● Problem to solve
In the records below, find the lines that include "bool" and copy each.

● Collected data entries
----
(* Let $p$ be a prime, $d$ a positive integer, and $\alpha>1-\frac{1}{d}\left(1-\frac{1}{p}\right)$. Let $S\subseteq\{1,2,\dots,p\}$ with $|S|\ge\alpha p$, and let $A=S+p\mathbb{Z}=\{s+pn : s\in S,\ n\in\mathbb{Z}\}$. Then \[h(A^d)\le |S|^d.\]
   Context: For a set $X\subseteq\mathbb{R}^d$, the Helly number $h(X)$ is the smallest $h$ such that the following holds: for every finite family $\mathcal{F}$ of convex sets in $\mathbb{R}^d$, if every $h$ or fewer sets of $\mathcal{F}$ have a point of $X$ in their intersection, then the intersection of all sets of $\mathcal{F}$ contains a point of $X$. If no such $h$ exists, $h(X)=\infty$. $A^d$ denotes the $d$-fold Cartesian product of $A$. *)

theory Defs
  imports "HOL-Analysis.Analysis" "HOL-Library.Extended_Nat"
begin

definition helly_prop :: "'a::real_vector set \<Rightarrow> nat \<Rightarrow> bool" where
  "helly_prop X h \<longleftrightarrow>
     (\<forall>F. finite F \<and> (\<forall>C\<in>F. convex C) \<longrightarrow>
        (\<forall>G. G \<subseteq> F \<and> card G \<le> h \<longrightarrow> \<Inter>G \<inter> X \<noteq> {}) \<longrightarrow> \<Inter>F \<inter> X \<noteq> {})"

definition helly_number :: "'a::real_vector set \<Rightarrow> enat" where
  "helly_number X = (INF h \<in> {h. helly_prop X h}. enat h)"

text \<open>d-fold Cartesian power of a set of reals, inside real^'n with d = CARD('n).\<close>
definition cart_power :: "real set \<Rightarrow> (real^'n) set" where
  "cart_power A = {x. \<forall>i. x $ i \<in> A}"

end

theory Submission
  imports Defs
begin

(* Doignon's parity argument. Say that X has the segment property for k if among any more than k
  of its points there are two whose open segment contains a point of X. A discrete X with this
  property has Helly number at most k: take a family F with more than k members all of whose
  proper subfamilies meet X, pick a point x_C of X in the intersection of F - {C} for each C, and
  let T be the finite set of points of X in the convex hull of these. If the whole family missed X,
  each t in T could be cut off by a hyperplane from some member of F; this gives a system of strict
  linear inequalities, indexed by T, with no solution in T although any k of them are satisfied by
  some x_C. Raising the right-hand sides of a minimal unsolvable such system as far as possible
  makes each constraint tight at a point of T satisfying all the others; two of these more than k
  points have a point of T between them, and that point satisfies every constraint.

  For X = A^d, among more than |S|^d points two agree in every coordinate modulo p, so they are
  u and u + p v with integral u, v. The points u + j v, 0 < j < p, lie on the open segment, and
  for each coordinate at most p - |S| values of j leave A; the density hypothesis amounts to
  d (p - |S|) < p - 1, so some j keeps every coordinate in A. *)

definition solvable_in :: "'a::real_inner set \<Rightarrow> ('i \<Rightarrow> 'a) \<Rightarrow> ('i \<Rightarrow> real) \<Rightarrow> 'i set \<Rightarrow> bool" where
  "solvable_in T a c J \<longleftrightarrow> (\<exists>t\<in>T. \<forall>j\<in>J. a j \<bullet> t < c j)"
----
● Solution for this task
definition helly_prop :: "'a::real_vector set \<Rightarrow> nat \<Rightarrow> bool" where
definition solvable_in :: "'a::real_inner set \<Rightarrow> ('i \<Rightarrow> 'a) \<Rightarrow> ('i \<Rightarrow> real) \<Rightarrow> 'i set \<Rightarrow> bool" where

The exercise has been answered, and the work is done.